Conselheiro de instituto ligado a padre Lancellotti é preso em SP

Conselheiro de instituto ligado a padre Lancellotti é preso por tentativa de latrocínio

Um conselheiro fiscal do Instituto Nossa Senhora das Mercês e Misericórdia, organização social ligada ao padre Júlio Lancellotti, foi baleado e detido em flagrante sob a acusação de envolvimento em uma tentativa de latrocínio na zona leste de São Paulo. O crime aconteceu no dia 22 de agosto, na região de Itaquera.

Detalhes do crime e confronto

De acordo com o boletim de ocorrência, Guilherme Martins, de 25 anos, estava acompanhado de outras duas pessoas na Avenida Aricanduva com o objetivo de roubar a motocicleta de um morador. O veículo utilizado pelo trio havia sido furtado no dia anterior, e um dos criminosos estava armado.

A investida criminosa foi interrompida por um policial militar à paisana que presenciou a abordagem. Durante a ação, um dos comparsas, identificado como Eddy Vinycius Costa Santos, disparou duas vezes contra o agente e acabou sendo morto no revide.

Feridos e prisão preventiva

Os tiros efetuados no confronto também atingiram uma mulher que estava dentro de um automóvel. Ela recebeu atendimento médico imediato em um hospital da região e passa bem.

O suspeito Guilherme foi baleado no ombro e no quadril. Após receber atendimento médico, foi levado diretamente para uma unidade prisional. A Justiça converteu o flagrante em prisão preventiva, classificando a conduta como um crime gravíssimo de consequências altamente reprováveis. O investigado já possuía duas condenações anteriores por receptação de veículos roubados.

Relação com o instituto e o padre

Guilherme havia sido eleito para o conselho fiscal do Mercedário — como é conhecido o instituto — apenas dois meses antes do crime, durante uma assembleia extraordinária. A defesa do acusado optou por não se manifestar sobre o mérito do processo criminal em andamento.
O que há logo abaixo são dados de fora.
(* For all positive integers $N$ and $W$ there exists a real polynomial $F$ of degree $k$, where $k\le\left\lfloor\frac{16}{7}W^{1/4}\sqrt{N}\right\rfloor+4$, such that \[F(0)>W\sum_{i=1}^N|F(i)|.\] *)

theory Defs
  imports "HOL-Analysis.Analysis" "HOL-Computational_Algebra.Polynomial"
begin

end

theory Submission
  imports Defs
begin

text \<open>
  Let \<open>D\<^sub>n\<close> be the Dirichlet kernel written as a polynomial in \<open>cos t\<close>, so that
  \<open>D\<^sub>n(cos t) sin (t/2) = sin ((n + 1/2) t)\<close> and \<open>D\<^sub>n(1) = 2n + 1\<close>. The polynomial
  \<open>F(x) = D\<^sub>n(1 - 2x/N)\<^sup>4\<close> of degree \<open>4n\<close> has \<open>F(0) = (2n + 1)\<^sup>4\<close>, while
  writing \<open>1 - 2i/N = cos t\<close> gives \<open>sin\<^sup>2 (t/2) = i/N\<close>, hence \<open>F(i) \<le> N\<^sup>2/i\<^sup>2\<close>
  and \<open>\<Sum>\<^sub>i F(i) \<le> 5/3 N\<^sup>2\<close>. Taking \<open>2n + 1\<close> just above \<open>8/7 root 4 W \<surd>N\<close>
  and using \<open>(8/7)\<^sup>4 \<ge> 5/3\<close> gives \<open>F(0) > 5/3 W N\<^sup>2\<close>.
\<close>

fun chebyshev_poly :: "nat \<Rightarrow> real poly" where
  "chebyshev_poly 0 = 1"
| "chebyshev_poly (Suc 0) = [:0, 1:]"
| "chebyshev_poly (Suc (Suc n)) = [:0, 2:] * chebyshev_poly (Suc n) - chebyshev_poly n"

lemma poly_chebyshev_poly_cos: "poly (chebyshev_poly n) (cos t) = cos (real n * t)"
proof (induction n rule: chebyshev_poly.induct)
  case (3 n)
  have "cos (real (Suc (Suc n)) * t) = cos (real (Suc n) * t + t)"
    and "cos (real n * t) = cos (real (Suc n) * t - t)"
    by (simp_all add: algebra_simps)
  with 3 show ?case
    by (simp only: chebyshev_poly.simps poly_mult poly_diff cos_add cos_diff) (simp add: algebra_simps)
qed auto

lemma degree_chebyshev_poly_le: "degree (chebyshev_poly n) \<le> n"
proof (induction n rule: chebyshev_poly.induct)
  case (3 n)
  have "degree ([:0, 2:] * chebyshev_poly (Suc n)) \<le> Suc (Suc n)"
    using degree_mult_le[of "[:0, 2:]" "chebyshev_poly (Suc n)"] 3(1) by simp
  with 3(2) show ?case
    by (simp add: degree_diff_le)
qed auto

primrec dirichlet_poly :: "nat \<Rightarrow> real poly" where
  "dirichlet_poly 0 = 1"
| "dirichlet_poly (Suc n) = dirichlet_poly n + smult 2 (chebyshev_poly (Suc n))"

lemma degree_dirichlet_poly_le: "degree (dirichlet_poly n) \<le> n"
proof (induction n)
  case (Suc n)
  have "degree (smult 2 (chebyshev_poly (Suc n))) \<le> Suc n"
    using degree_chebyshev_poly_le[of "Suc n"] by simp
  with Suc show ?case
    by (simp add: degree_add_le)
qed auto

lemma poly_dirichlet_poly_one: "poly (dirichlet_poly n) 1 = 2 * real n + 1"
  by (induction n) (simp_all add: poly_chebyshev_poly_cos[where t = 0, simplified])

lemma poly_dirichlet_poly_cos_mult_sin:
  "poly (dirichlet_poly n) (cos t) * sin (t / 2) = sin ((real n + 1 / 2) * t)"
proof (induction n)
  case (Suc n)
  have prev: "sin ((real n + 1 / 2) * t) = sin (real (Suc n) * t - t / 2)"
    and curr: "sin ((real (Suc n) + 1 / 2) * t) = sin (real (Suc n) * t + t / 2)"
    by (simp_all add: algebra_simps)
  have "poly (dirichlet_poly (Suc n)) (cos t) * sin (t / 2)
        = sin ((real n + 1 / 2) * t) + 2 * cos (real (Suc n) * t) * sin (t / 2)"
    using Suc by (simp add: poly_chebyshev_poly_cos algebra_simps)
  also have "\<dots> = sin ((real (Suc n) + 1 / 2) * t)"
    unfolding prev curr sin_add sin_diff by (simp add: algebra_simps)
  finally show ?case .
qed simp

lemma poly_dirichlet_poly_sq_le:
  assumes "-1 \<le> y" "y \<le> 1"
  shows "(poly (dirichlet_poly n) y)\<^sup>2 * (1 - y) \<le> 2"
proof -
  define t where "t = arccos y"
  have cos_t: "cos t = y"
    using assms by (simp add: t_def cos_arccos)
  have "1 - y = 2 * (sin (t / 2))\<^sup>2"
    using cos_double_sin[of "t / 2"] cos_t by simp
  then have "(poly (dirichlet_poly n) y)\<^sup>2 * (1 - y) = 2 * (poly (dirichlet_poly n) (cos t) * sin (t / 2))\<^sup>2"
    using cos_t by (simp add: power_mult_distrib)
  also have "\<dots> = 2 * (sin ((real n + 1 / 2) * t))\<^sup>2"
    by (simp only: poly_dirichlet_poly_cos_mult_sin)
  also have "\<dots> \<le> 2"
    by (simp add: abs_square_le_1)
  finally show ?thesis .
qed

text \<open>Telescoping against \<open>1/(i - 1/2) - 1/(i + 1/2) \<ge> 1/i\<^sup>2\<close>.\<close>

lemma sum_inverse_squares_le: "1 \<le> N \<Longrightarrow> (\<Sum>i=1..N. 1 / (real i)\<^sup>2) \<le> 5 / 3 - 1 / (real N + 1 / 2)"
proof (induction N rule: dec_induct)
  case (step N)
  have "(real N + 1 / 2) * (real N + 3 / 2) \<le> (real (Suc N))\<^sup>2"
    by (simp add: power2_eq_square algebra_simps)
  then have "1 / (real (Suc N))\<^sup>2 \<le> 1 / ((real N + 1 / 2) * (real N + 3 / 2))"
    by (intro divide_left_mono mult_pos_pos) auto
  also have "\<dots> = 1 / (real N + 1 / 2) - 1 / (real (Suc N) + 1 / 2)"
    by (simp add: field_simps)
  finally show ?case
    using step.IH by simp
qed simp

definition dirichlet_peak_poly :: "nat \<Rightarrow> nat \<Rightarrow> real poly" where
  "dirichlet_peak_poly N n = (pcompose (dirichlet_poly n) [:1, -2 / real N:]) ^ 4"

lemma poly_dirichlet_peak_poly:
  "poly (dirichlet_peak_poly N n) x = (poly (dirichlet_poly n) (1 - 2 * x / real N)) ^ 4"
  by (simp add: dirichlet_peak_poly_def poly_pcompose algebra_simps)

lemma degree_dirichlet_peak_poly_le: "degree (dirichlet_peak_poly N n) \<le> 4 * n"
proof -
  have "degree (pcompose (dirichlet_poly n) [:1, -2 / real N:]) \<le> n"
    using degree_dirichlet_poly_le[of n] by (simp add: degree_pcompose)
  then show ?thesis
    unfolding dirichlet_peak_poly_def
    by (metis degree_power_le le_trans mult.commute mult_le_mono2)
qed

lemma poly_dirichlet_peak_poly_zero: "poly (dirichlet_peak_poly N n) 0 = (2 * real n + 1) ^ 4"
  by (simp add: poly_dirichlet_peak_poly poly_dirichlet_poly_one)

lemma poly_dirichlet_peak_poly_le:
  assumes "1 \<le> i" "i \<le> N"
  shows "poly (dirichlet_peak_poly N n) (real i) \<le> (real N)\<^sup>2 / (real i)\<^sup>2"
proof -
  define y where "y = 1 - 2 * real i / real N"
  have "-1 \<le> y" "y \<le> 1"
    using assms by (auto simp: y_def field_simps)
  then have "(poly (dirichlet_poly n) y)\<^sup>2 * (2 * real i / real N) \<le> 2"
    using poly_dirichlet_poly_sq_le[of y n] by (simp add: y_def)
  then have "(poly (dirichlet_poly n) y)\<^sup>2 \<le> real N / real i"
    using assms by (simp add: field_simps)
  then have "((poly (dirichlet_poly n) y)\<^sup>2)\<^sup>2 \<le> (real N / real i)\<^sup>2"
    by (intro power_mono) auto
  then show ?thesis
    by (simp add: poly_dirichlet_peak_poly y_def power_divide flip: power_mult)
qed

lemma sum_abs_poly_dirichlet_peak_poly_le:
  assumes "1 \<le> N"
  shows "(\<Sum>i=1..N. \<bar>poly (dirichlet_peak_poly N n) (real i)\<bar>) \<le> 5 / 3 * (real N)\<^sup>2"
proof -
  have "(\<Sum>i=1..N. \<bar>poly (dirichlet_peak_poly N n) (real i)\<bar>) \<le> (\<Sum>i=1..N. (real N)\<^sup>2 * (1 / (real i)\<^sup>2))"
  proof (rule sum_mono)
    fix i assume "i \<in> {1..N}"
    then show "\<bar>poly (dirichlet_peak_poly N n) (real i)\<bar> \<le> (real N)\<^sup>2 * (1 / (real i)\<^sup>2)"
      using poly_dirichlet_peak_poly_le[of i N n]
      by (simp add: poly_dirichlet_peak_poly flip: power_mult)
  qed
  also have "\<dots> = (real N)\<^sup>2 * (\<Sum>i=1..N. 1 / (real i)\<^sup>2)"
    by (simp add: sum_distrib_left)
  also have "\<dots> \<le> (real N)\<^sup>2 * (5 / 3)"
  proof -
    have "0 \<le> 1 / (real N + 1 / 2)"
      by simp
    with sum_inverse_squares_le[OF assms] have "(\<Sum>i=1..N. 1 / (real i)\<^sup>2) \<le> 5 / 3"
      by linarith
    then show ?thesis
      by (intro mult_left_mono) auto
  qed
  finally show ?thesis
    by simp
qed

theorem lemma4p5:
  fixes N W :: nat
  assumes "N \<ge> 1" and "W \<ge> 1"
  shows "\<exists>F :: real poly.
           int (degree F) \<le> \<lfloor>16 / 7 * root 4 (real W) * sqrt (real N)\<rfloor> + 4 \<and>
           poly F 0 > real W * (\<Sum>i=1..N. \<bar>poly F (real i)\<bar>)"
proof -
  define m where "m = 8 / 7 * root 4 (real W) * sqrt (real N)"
  define n where "n = nat \<lfloor>m / 2\<rfloor> + 1"
  define F where "F = dirichlet_peak_poly N n"
  have m_nonneg: "0 \<le> m"
    by (simp add: m_def)
  have "int (degree F) \<le> 4 * int n"
    using degree_dirichlet_peak_poly_le[of N n] by (simp add: F_def)
  also have "\<dots> \<le> \<lfloor>2 * m\<rfloor> + 4"
    using m_nonneg by (simp add: n_def le_floor_iff) linarith
  also have "2 * m = 16 / 7 * root 4 (real W) * sqrt (real N)"
    by (simp add: m_def)
  finally have degree_F: "int (degree F) \<le> \<lfloor>16 / 7 * root 4 (real W) * sqrt (real N)\<rfloor> + 4" .
  have "root 4 (real W) ^ 4 = real W"
    by (simp add: real_root_pow_pos2)
  moreover have "sqrt (real N) ^ 4 = (real N)\<^sup>2"
    using power_mult[of "sqrt (real N)" 2 2] by simp
  ultimately have m_pow_4: "m ^ 4 = (8 / 7) ^ 4 * real W * (real N)\<^sup>2"
    unfolding m_def power_mult_distrib by simp
  have "real W * (\<Sum>i=1..N. \<bar>poly F (real i)\<bar>) \<le> real W * (5 / 3 * (real N)\<^sup>2)"
    unfolding F_def using sum_abs_poly_dirichlet_peak_poly_le[OF assms(1)] by (intro mult_left_mono) auto
  also have "\<dots> \<le> (8 / 7) ^ 4 * (real W * (real N)\<^sup>2)"
  proof -
    have "5 / 3 \<le> (8 / 7 :: real) ^ 4"
      by (simp add: power_divide)
    then show ?thesis
      by (subst mult.left_commute) (intro mult_right_mono, auto)
  qed
  also have "\<dots> = m ^ 4"
    using m_pow_4 by simp
  also have "\<dots> < (2 * real n + 1) ^ 4"
    using m_nonneg by (intro power_strict_mono) (auto simp: n_def, linarith)
  also have "\<dots> = poly F 0"
    by (simp add: F_def poly_dirichlet_peak_poly_zero)
  finally show ?thesis
    using degree_F by blast
qed

end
O presidente da instituição, Marcelo Augusto de Sousa e Silva, declarou inicialmente não saber da indicação, mas prometeu convocar uma nova reunião para substituir o conselheiro após a apresentação da ata. Segundo o dirigente, Guilherme atuava em pesquisas de direitos humanos em outra entidade coordenada pelo padre Lancellotti e também prestava serviços voluntários como motorista do religioso.

Histórico e auditoria financeira

Em nota oficial, o instituto informou que o suspeito integrou o quadro de assistidos por cerca de um ano, sendo visto internamente como um exemplo de ressocialização, o que viabilizou sua candidatura na assembleia. A entidade ressaltou que a responsabilidade penal é estritamente pessoal e que confia na apuração das autoridades.

O caso vem à tona em meio a questionamentos sobre a gestão financeira do Mercedário, fundado em 2025. Uma auditoria encomendada pela Arquidiocese de São Paulo apontou que a entidade não apresentou comprovação detalhada da aplicação de R$ 1,3 milhão recebidos da paróquia do padre Lancellotti entre setembro e dezembro daquele ano.

A Arquidiocese de São Paulo informou em nota que desconhece os fatos envolvendo o conselheiro e enfatizou que nem ele nem o presidente do instituto possuem vínculos com a estrutura eclesiástica, tratando-se de uma organização privada e independente.